Network TV Audience Has Fallen And It Can't Get Up

It's rare for TV viewers to care about demographics. But this is a killer. A new report from research firm Magna Global shows that the network TV audience as a whole has aged out of the demographic most desired by advertisers. The median age of the broadcast audience is now 50, while ad buyers want to reach viewers aged 18-49. This might be an awesome time to sell your network stock. You can read the report yourself by clicking to this TV By The Numbers item and downloading the PDF.
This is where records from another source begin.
lemma z_step_estimate:
  assumes "s \<in> space M"
  shows "(norm (z t s - xstar))\<^sup>2 + 2 * \<eta> * ((z t s - xstar) \<bullet> (ybar t s - (1 / real m) *\<^sub>R (\<Sum>j\<in>{1..m}. ystar j)))
    \<le> (norm ((x t s - \<eta> *\<^sub>R v t s) - (xstar - \<eta> *\<^sub>R gstar)))\<^sup>2"
proof -
  have "(norm (z t s - xstar))\<^sup>2
      \<le> ((x t s - \<eta> *\<^sub>R v t s - \<eta> *\<^sub>R ybar t s) - (xstar + \<eta> *\<^sub>R rstar)) \<bullet> (z t s - xstar)"
    by (rule subgrad_resolvent_firmly_nonexpansive[OF R_proper eta_pos z_subgrad[OF assms] xstar_subgrad])
  then have "(norm (z t s - xstar))\<^sup>2 + 2 * ((z t s - xstar) \<bullet>
      (((x t s - \<eta> *\<^sub>R v t s) - (xstar - \<eta> *\<^sub>R gstar))
       - ((x t s - \<eta> *\<^sub>R v t s - \<eta> *\<^sub>R ybar t s) - (xstar + \<eta> *\<^sub>R rstar))))
    \<le> (norm ((x t s - \<eta> *\<^sub>R v t s) - (xstar - \<eta> *\<^sub>R gstar)))\<^sup>2"
    by (rule power2_norm_add_inner_le)
  moreover have "((x t s - \<eta> *\<^sub>R v t s) - (xstar - \<eta> *\<^sub>R gstar))
       - ((x t s - \<eta> *\<^sub>R v t s - \<eta> *\<^sub>R ybar t s) - (xstar + \<eta> *\<^sub>R rstar))
     = \<eta> *\<^sub>R (ybar t s - (1 / real m) *\<^sub>R (\<Sum>j\<in>{1..m}. ystar j))"
    by (simp add: rstar_eq algebra_simps)
  ultimately show ?thesis by simp
qed

lemma x_step_estimate:
  assumes "s \<in> space M" and j: "j = J t s"
  shows "(norm (x (Suc t) s - xstar))\<^sup>2 + (dual_stepsize j)\<^sup>2 * (norm (y (Suc t) j s - ystar j))\<^sup>2
    \<le> (norm (z t s - xstar))\<^sup>2 + 2 * dual_stepsize j * ((z t s - xstar) \<bullet> (y t j s - ystar j))
       + (dual_stepsize j)\<^sup>2 * (norm (y t j s - ystar j))\<^sup>2"
proof -
  define c where "c = dual_stepsize j"
  have "j \<in> {1..m}" using J_range[OF assms(1)] j by simp
  then have "0 < c" unfolding c_def by (rule dual_stepsize_pos)
  have y_next': "y (Suc t) j s = y t j s + (1 / c) *\<^sub>R (z t s - x (Suc t) s)"
    using y_step[OF assms(1) \<open>j \<in> {1..m}\<close>, of t] j unfolding c_def dual_stepsize_def by simp
  then have y_next: "c *\<^sub>R y (Suc t) j s = c *\<^sub>R y t j s + (z t s - x (Suc t) s)"
    using \<open>0 < c\<close> by (simp add: scaleR_add_right)
  have "x (Suc t) s \<in> prox_set c (g j) (z t s + c *\<^sub>R y t j s)"
    using x_step[OF assms(1), of t] unfolding c_def dual_stepsize_def j .
  then have "subgrad (g j) (x (Suc t) s) ((1 / c) *\<^sub>R ((z t s + c *\<^sub>R y t j s) - x (Suc t) s))"
    using g_proper g_convex \<open>j \<in> {1..m}\<close> \<open>0 < c\<close> by (intro prox_set_subgrad) auto
  moreover have "(1 / c) *\<^sub>R ((z t s + c *\<^sub>R y t j s) - x (Suc t) s) = y (Suc t) j s"
    unfolding y_next' using \<open>0 < c\<close> by (simp add: algebra_simps)
  ultimately have "subgrad (g j) (x (Suc t) s) (y (Suc t) j s)" by simp
  then have "0 \<le> (y (Suc t) j s - ystar j) \<bullet> (x (Suc t) s - xstar)"
    using \<open>j \<in> {1..m}\<close> by (intro subgrad_monotone[OF g_proper _ ystar_subgrad])
  then have "(norm (x (Suc t) s - xstar))\<^sup>2 + c\<^sup>2 * (norm (y (Suc t) j s - ystar j))\<^sup>2
      \<le> (norm ((x (Suc t) s - xstar) + c *\<^sub>R (y (Suc t) j s - ystar j)))\<^sup>2"
    using \<open>0 < c\<close> by (intro power2_norm_add_scaleR_ge) (simp add: inner_commute)
  also have "(x (Suc t) s - xstar) + c *\<^sub>R (y (Suc t) j s - ystar j) = (z t s - xstar) + c *\<^sub>R (y t j s - ystar j)"
    using y_next by (simp add: algebra_simps)
  finally show ?thesis unfolding c_def power2_norm_add_scaleR by simp
qed

lemma sum_weighted_cross_term:
  assumes "s \<in> space M"
  shows "(\<Sum>k\<in>{1..m}. p k * cross_term t k s)
    = 2 * \<eta> * ((z t s - xstar) \<bullet> (ybar t s - (1 / real m) *\<^sub>R (\<Sum>j\<in>{1..m}. ystar j)))"
proof -
  have "(\<Sum>k\<in>{1..m}. p k * cross_term t k s)
      = (2 * \<eta> / real m) * (\<Sum>k\<in>{1..m}. (z t s - xstar) \<bullet> (y t k s - ystar k))"
    unfolding sum_distrib_left
  proof (intro sum.cong refl)
    fix k assume "k \<in> {1..m}"
    then have "p k \<noteq> 0" using p_pos by fastforce
    then show "p k * cross_term t k s = (2 * \<eta> / real m) * ((z t s - xstar) \<bullet> (y t k s - ystar k))"
      by (simp add: cross_term_def dual_stepsize_def)
  qed
  also have "\<dots> = 2 * \<eta> * ((z t s - xstar) \<bullet> ((1 / real m) *\<^sub>R (\<Sum>k\<in>{1..m}. y t k s - ystar k)))"
    by (simp add: inner_sum_right)
  also have "(1 / real m) *\<^sub>R (\<Sum>k\<in>{1..m}. y t k s - ystar k)
      = ybar t s - (1 / real m) *\<^sub>R (\<Sum>j\<in>{1..m}. ystar j)"
    using ybar_average[OF assms] by (simp add: sum_subtractf scaleR_diff_right)
  finally show ?thesis .
qed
Median age means half the audience is younger and half is older. The half-century mark was reached because the audiences for ABC, NBC and Fox have gotten older, while the traditionally old CBS has stayed steady. The Magna Global study pegs CBS at 53, followed by ABC at 49 and NBC at 48, while Fox's median age is 43 and CW's is 34. The median age for the U.S. population, by the way, is 38.
What are the oldest-skewing shows? ABC's canceled "Women's Murder Club" came in at a median age of 57, followed closely by "Dancing With The Stars" at 55. On CBS, the oldest show was "60 Minutes," at, ironically enough, 60. NBC's "Monk" came in at 58. Fox's oldest was "Canterbury's Law" at 55. CW's was the canceled "Life Is Wild" at 45.
The youngest? CW's "One Tree Hill" and "Gossip Girl" came in between 36 and 29, depending on the night. Fox's "American Dad" and "Family Guy" at 29. For NBC, it was "Scrubs," at 34. For CBS, "How I Met Your Mother," at 45. For ABC, "Supernanny" at 41 and "Lost" at 43.
Interestingly, time-shifted viewer (by DVR etc.) drops the median age for some shows significantly. "Lost" drops to about 38 when the 22 percent of its audience who time-shift their viewing are considered.
Not surprisingly, Jay Leno's "Tonight Show" is the oldest-skewing late-night program, with a median age of 54 for NBC. But Conan O'Brien's "Late Night", who follows Leno, has the youngest audience of the major shows, at 46.
All of this suggests that either the five broadcast networks - and especially the big three - will become less and less attractive to advertisers. Their saving grace, though, might be the baby boomers, the demographic pig in the python, who are also aging.